Well, in middle school ... I grew up in Texas but in middle school I went to, we moved to Holland for two years and I went to the American School at the Hague and they had a PDP 11 in a room in the corner.

*I don’t know the PDP 11* .

It’s a mini computer. This was right before, right about the time Apple IIs came out.

*I remember the Commodore Pet* .
\" /]

le sigh

I shudder to think of the quizzical response if he'd mentioned IBM 360.

egads, I'm old.

Me done IBM 360... An evening class "interest" course, which began with binary code, then alphanumeric. We wrote the code, filled in little boxes on cards, took the stack of cards to the tech, and waited...

For me, it was punched-card programming at Night School in about 1981-82, then I was posted, in the Aust Army, to another Unit, where I was taught how to program a PDP-8 using it 8 (or was it 7) front panel toggle switches and an Execute button.

Then, in 1984, I was posted to another Army unit where I to learned BASIC programming on a Zeus (think Apple IIE clone) desktop. Whilst at that Unit, I did courses on 8085/Z80/6809 uPC Command language programming.

And, a couple of years later, I was teaching Computing and 8085 programming to the next generation of Army Apprentice.

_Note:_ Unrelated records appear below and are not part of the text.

(* Let $(X,T)$ be a dynamical system and $\mathcal{F}$ a family admitting a countable base. Then $\mathrm{Tran}_{k\mathcal{F}}(X,T)$ is a $G_\delta$ subset of $X$. Moreover, the following are equivalent: (1) $(X,T)$ is $k\mathcal{F}$-transitive; (2) $\mathrm{Tran}_{k\mathcal{F}}(X,T)$ is a dense $G_\delta$ subset of $X$; (3) $\mathrm{Tran}_{k\mathcal{F}}(X,T)\neq\varnothing$.
   Context: A dynamical system $(X,T)$: $X$ is a compact metric space with more than one point and without isolated points, $T:X\to X$ a continuous surjection. A family is a collection of subsets of $\mathbb{Z}_+$ that is hereditary upward. A countable base of $\mathcal{F}$ is a countable $\mathcal{H}\subset\mathcal{F}$ such that every $F\in\mathcal{F}$ contains some $H\in\mathcal{H}$. The dual family is $k\mathcal{F}=\{F\subset\mathbb{Z}_+:F\cap F'\neq\varnothing\ \forall F'\in\mathcal{F}\}$. "Opene" means open and nonempty. $n_T(x,U)=\{n\in\mathbb{Z}_+:T^nx\in U\}$, $N_T(U,V)=\{n\in\mathbb{Z}_+:U\cap T^{-n}V\neq\varnothing\}$. For a family $\mathcal{G}$, $\mathrm{Tran}_{\mathcal{G}}(X,T)=\{x\in X:n_T(x,U)\in\mathcal{G}\text{ for every opene }U\}$, and $(X,T)$ is $\mathcal{G}$-transitive if $N_T(U,V)\in\mathcal{G}$ for all opene $U,V$. *)

theory Defs
  imports "HOL-Analysis.Analysis"
begin

definition is_family :: "nat set set \<Rightarrow> bool" where
  "is_family F \<longleftrightarrow> (\<forall>A\<in>F. \<forall>B. A \<subseteq> B \<longrightarrow> B \<in> F)"

definition has_countable_base :: "nat set set \<Rightarrow> bool" where
  "has_countable_base F \<longleftrightarrow>
     (\<exists>H. countable H \<and> H \<subseteq> F \<and> (\<forall>A\<in>F. \<exists>B\<in>H. B \<subseteq> A))"

definition dual_family :: "nat set set \<Rightarrow> nat set set" where
  "dual_family F = {A. \<forall>B\<in>F. A \<inter> B \<noteq> {}}"

definition dyn_system :: "'a::metric_space set \<Rightarrow> ('a \<Rightarrow> 'a) \<Rightarrow> bool" where
  "dyn_system X T \<longleftrightarrow> compact X \<and> (\<exists>x\<in>X. \<exists>y\<in>X. x \<noteq> y) \<and> (\<forall>x\<in>X. x islimpt X) \<and>
     continuous_on X T \<and> T ` X = X"

definition n_T :: "('a \<Rightarrow> 'a) \<Rightarrow> 'a \<Rightarrow> 'a set \<Rightarrow> nat set" where
  "n_T T x U = {n. (T ^^ n) x \<in> U}"

definition N_T :: "('a \<Rightarrow> 'a) \<Rightarrow> 'a set \<Rightarrow> 'a set \<Rightarrow> nat set" where
  "N_T T U V = {n. U \<inter> (T ^^ n) -` V \<noteq> {}}"

definition Tran :: "nat set set \<Rightarrow> 'a::metric_space set \<Rightarrow> ('a \<Rightarrow> 'a) \<Rightarrow> 'a set" where
  "Tran G X T = {x\<in>X. \<forall>U. openin (top_of_set X) U \<and> U \<noteq> {} \<longrightarrow> n_T T x U \<in> G}"

definition transitive_wrt :: "nat set set \<Rightarrow> 'a::metric_space set \<Rightarrow> ('a \<Rightarrow> 'a) \<Rightarrow> bool" where
  "transitive_wrt G X T \<longleftrightarrow> (\<forall>U V. openin (top_of_set X) U \<and> U \<noteq> {} \<and>
      openin (top_of_set X) V \<and> V \<noteq> {} \<longrightarrow> N_T T U V \<in> G)"

end

theory Submission
  imports Defs
begin

text \<open>Choose a countable base \<open>\<H>\<close> of \<open>F\<close> and a countable family \<open>\<B>\<close> of opene sets such
  that every opene set contains a member of \<open>\<B>\<close>. Then \<open>x \<in> Tran\<^bsub>kF\<^esub>\<close> iff for all
  \<open>H \<in> \<H>\<close> and \<open>B \<in> \<B>\<close> some \<open>n \<in> H\<close> sends \<open>x\<close> into \<open>B\<close>. Each of these countably many
  conditions defines an open set, so \<open>Tran\<^bsub>kF\<^esub>\<close> is \<open>G\<^sub>\<delta>\<close>; under \<open>kF\<close>-transitivity each
  of them is dense, and Baire's theorem makes \<open>Tran\<^bsub>kF\<^esub>\<close> dense. Conversely a point of
  \<open>Tran\<^bsub>kF\<^esub>\<close> in \<open>U\<close> witnesses \<open>N(U,V) \<in> kF\<close>. Finally \<open>Tran\<^bsub>kF\<^esub>\<close> is forward invariant
  and each of its points visits every opene set, so a single such point has a dense orbit
  inside \<open>Tran\<^bsub>kF\<^esub>\<close>.\<close>

lemma funpow_image_subset: "f ` S \<subseteq> S \<Longrightarrow> (f ^^ n) ` S \<subseteq> S"
  by (induction n) (auto simp: funpow_swap1[symmetric])

lemma funpow_image_eq: "f ` S = S \<Longrightarrow> (f ^^ n) ` S = S"
  by (induction n) (simp, metis funpow.simps(2) image_comp)

lemma continuous_on_funpow:
  assumes "continuous_on S f" "f ` S \<subseteq> S"
  shows "continuous_on S (f ^^ n)"
proof (induction n)
  case (Suc n)
  then show ?case
    unfolding funpow_Suc_right
    by (intro continuous_on_compose assms(1) continuous_on_subset[OF Suc assms(2)])
qed (simp add: continuous_on_id)

lemma openin_funpow_preimage:
  assumes "continuous_on X T" "T ` X \<subseteq> X" "openin (top_of_set X) U"
  shows "openin (top_of_set X) (X \<inter> (T ^^ n) -` U)"
  using funpow_image_subset[OF assms(2)]
  by (intro continuous_openin_preimage[OF continuous_on_funpow[OF assms(1,2)] _ assms(3)]) blast

lemma compact_countable_pi_base:
  fixes X :: "'a::metric_space set"
  assumes "compact X"
  obtains \<B> where "countable \<B>" "\<And>B. B \<in> \<B> \<Longrightarrow> openin (top_of_set X) B \<and> B \<noteq> {}"
    "\<And>U. openin (top_of_set X) U \<Longrightarrow> U \<noteq> {} \<Longrightarrow> \<exists>B\<in>\<B>. B \<subseteq> U"
proof -
  have "\<forall>\<epsilon>>0. \<exists>k. finite k \<and> k \<subseteq> X \<and> X \<subseteq> (\<Union>x\<in>k. ball x \<epsilon>)"
    by (rule seq_compact_imp_totally_bounded) (use assms compact_imp_seq_compact in auto)
  then have "\<forall>k::nat. \<exists>C. finite C \<and> C \<subseteq> X \<and> X \<subseteq> (\<Union>x\<in>C. ball x (1 / Suc k))"
    by simp
  then obtain C where C: "\<And>k. finite (C k) \<and> C k \<subseteq> X \<and> X \<subseteq> (\<Union>x\<in>C k. ball x (1 / Suc k))"
    by metis
  define \<B> where "\<B> = (\<Union>k. (\<lambda>c. X \<inter> ball c (1 / Suc k)) ` C k)"
  have "countable \<B>"
    unfolding \<B>_def using C by (intro countable_UN) (auto intro: countable_finite)
  moreover have "openin (top_of_set X) B \<and> B \<noteq> {}" if "B \<in> \<B>" for B
    using that C unfolding \<B>_def by (force simp: openin_open_Int)
  moreover have "\<exists>B\<in>\<B>. B \<subseteq> U" if U: "openin (top_of_set X) U" "U \<noteq> {}" for U
  proof -
    obtain x where x: "x \<in> U" using U by auto
    then have "x \<in> X" using U openin_subset by fastforce
    obtain e where e: "e > 0" "\<And>y. y \<in> X \<Longrightarrow> dist y x < e \<Longrightarrow> y \<in> U"
      using U(1) x by (force simp: openin_euclidean_subtopology_iff)
    obtain k :: nat where k: "1 / Suc k < e / 2"
      using reals_Archimedean[of "e / 2"] e by (auto simp: inverse_eq_divide)
    obtain c where c: "c \<in> C k" "dist c x < 1 / Suc k"
      using C[of k] \<open>x \<in> X\<close> by (force simp: dist_commute)
    have "X \<inter> ball c (1 / Suc k) \<subseteq> U"
    proof
      fix y assume y: "y \<in> X \<inter> ball c (1 / Suc k)"
      then have "dist y c < 1 / Suc k" by (simp add: dist_commute)
      then have "dist y x < e" using dist_triangle[of y x c] c k by linarith
      then show "y \<in> U" using e y by auto
    qed
    then show ?thesis using c unfolding \<B>_def by blast
  qed
  ultimately show ?thesis using that by blast
qed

Now all long gone from my memory!!

I don't know the PDP-8?
I don't know the Zeus?

Kidding aside, there was something empowering being able to program with switch registers instead of a mnemonic language like an assembler. Empowering, yes. PITA more so.

PITA more so.  Yes!!

i can't recall what PITA means but we had a PDP11 GT40 in the computerroom on which we could run a moonlander program by toggling the switches.
If you had succes you ended up with a mcdonald like graphic on the moon.
if you ran out of fuel you had bad luck. But there was a register what you could toggle to get more fuel! Humor

Karl's version of Parkinson's Law:  Work expands to exceed the time alloted it.